What you have to do ▸
If a line below contains "shows", count it; then state how many such lines there are, and nothing else.

Records provided ▸
text \<open>One step of at most \<open>L\<close> in time: a characteristic through \<open>(s + h, y)\<close> either reaches time
  \<open>s\<close> inside \<open>[0,L]\<close>, or hits the boundary once at a time \<open>\<tau> > s\<close>, where the invariants
  are exchanged.\<close>
lemma riemann_plus_bounded_step:
  assumes "s \<ge> 0" "h \<in> {0..L}" "riemann_plus_bounded s" "riemann_minus_bounded s"
  shows "riemann_plus_bounded (s + h)"
  unfolding riemann_plus_bounded_def
proof
  fix y assume y: "y \<in> {0..L}"
  show "\<bar>riemann_plus (s + h) y\<bar> \<le> initial_amplitude (zigzag L (y + (s + h))) + C * (s + h)"
  proof (cases "y + h \<le> L")
    case True
    have "\<bar>riemann_plus (s + h) y - riemann_plus s (y + h)\<bar> \<le> C * h"
      using riemann_plus_along_characteristic[of s "s + h" y] assms y True by simp
    moreover have "\<bar>riemann_plus s (y + h)\<bar> \<le> initial_amplitude (zigzag L (y + (s + h))) + C * s"
      using assms(3)[unfolded riemann_plus_bounded_def, rule_format, of "y + h"] assms(2) y True
      by (simp add: ac_simps)
    ultimately show ?thesis
      by (simp add: algebra_simps)
  next
    case False
    define \<tau> where "\<tau> = s + h - (L - y)"
    have "\<bar>riemann_plus (s + h) y - riemann_plus \<tau> L\<bar> \<le> C * (L - y)"
      using riemann_plus_along_characteristic[of \<tau> "s + h" y] assms y False by (simp add: \<tau>_def)
    moreover have "\<bar>riemann_minus \<tau> L - riemann_minus s (2 * L - h - y)\<bar> \<le> C * (\<tau> - s)"
      using riemann_minus_along_characteristic[of s \<tau> L] assms y False by (simp add: \<tau>_def algebra_simps)
    moreover have "\<bar>riemann_minus s (2 * L - h - y)\<bar>
        \<le> initial_amplitude (zigzag L (2 * L - (y + (s + h)))) + C * s"
      using assms(4)[unfolded riemann_minus_bounded_def, rule_format, of "2 * L - h - y"] assms(2) y False
      by (simp add: algebra_simps)
    moreover have "riemann_plus \<tau> L = riemann_minus \<tau> L"
      using riemann_plus_eq_minus_at_boundary assms False by (simp add: \<tau>_def)
    ultimately show ?thesis
      using zigzag_reflect[OF L_pos] by (simp add: \<tau>_def algebra_simps)
  qed
qed

lemma riemann_minus_bounded_step:
  assumes "s \<ge> 0" "h \<in> {0..L}" "riemann_plus_bounded s" "riemann_minus_bounded s"
  shows "riemann_minus_bounded (s + h)"
  unfolding riemann_minus_bounded_def
proof
  fix y assume y: "y \<in> {0..L}"
  show "\<bar>riemann_minus (s + h) y\<bar> \<le> initial_amplitude (zigzag L (y - (s + h))) + C * (s + h)"
  proof (cases "0 \<le> y - h")
    case True
    have "\<bar>riemann_minus (s + h) y - riemann_minus s (y - h)\<bar> \<le> C * h"
      using riemann_minus_along_characteristic[of s "s + h" y] assms y True by simp
    moreover have "\<bar>riemann_minus s (y - h)\<bar> \<le> initial_amplitude (zigzag L (y - (s + h))) + C * s"
      using assms(4)[unfolded riemann_minus_bounded_def, rule_format, of "y - h"] assms(2) y True
      by (simp add: diff_diff_eq add.commute)
    ultimately show ?thesis
      by (simp add: algebra_simps)
  next
    case False
    define \<tau> where "\<tau> = s + h - y"
    have "\<bar>riemann_minus (s + h) y - riemann_minus \<tau> 0\<bar> \<le> C * y"
      using riemann_minus_along_characteristic[of \<tau> "s + h" y] assms y False by (simp add: \<tau>_def)
    moreover have "\<bar>riemann_plus \<tau> 0 - riemann_plus s (h - y)\<bar> \<le> C * (\<tau> - s)"
      using riemann_plus_along_characteristic[of s \<tau> 0] assms y False by (simp add: \<tau>_def algebra_simps)
    moreover have "\<bar>riemann_plus s (h - y)\<bar> \<le> initial_amplitude (zigzag L (y - (s + h))) + C * s"
      using assms(3)[unfolded riemann_plus_bounded_def, rule_format, of "h - y"] assms(2) y False
        zigzag_minus[of L "y - (s + h)"] by (simp add: algebra_simps)
    moreover have "riemann_plus \<tau> 0 = riemann_minus \<tau> 0"
      using riemann_plus_eq_minus_at_boundary assms y False by (simp add: \<tau>_def)
    ultimately show ?thesis
      by (simp add: \<tau>_def algebra_simps)
  qed
qed

lemma riemann_bounded:
  assumes "s \<ge> 0"
  shows "riemann_plus_bounded s" "riemann_minus_bounded s"
proof -
  have "\<forall>s\<in>{0..real k * L}. riemann_plus_bounded s \<and> riemann_minus_bounded s" for k
  proof (induction k)
    case 0
    show ?case
      using zigzag_eq_self[OF L_pos]
      by (simp add: riemann_plus_bounded_def riemann_minus_bounded_def riemann_plus_def
          riemann_minus_def initial_amplitude_def abs_triangle_ineq abs_triangle_ineq4)
  next
    case (Suc k)
    show ?case
    proof
      fix s assume s: "s \<in> {0..real (Suc k) * L}"
      show "riemann_plus_bounded s \<and> riemann_minus_bounded s"
      proof (cases "s \<le> real k * L")
        case False
        define s' where "s' = real k * L"
        have step: "s' \<ge> 0" "s - s' \<in> {0..L}" "riemann_plus_bounded s'" "riemann_minus_bounded s'"
          using False s Suc.IH L_pos by (auto simp: s'_def algebra_simps)
        show ?thesis
          using riemann_plus_bounded_step[OF step] riemann_minus_bounded_step[OF step] by simp
      qed (use Suc s in auto)
    qed
  qed
  moreover obtain k :: nat where "s / L \<le> k"
    using real_arch_simple by blast
  ultimately show "riemann_plus_bounded s" "riemann_minus_bounded s"
    using assms L_pos by (auto simp: divide_le_eq)
qed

Response ▸
3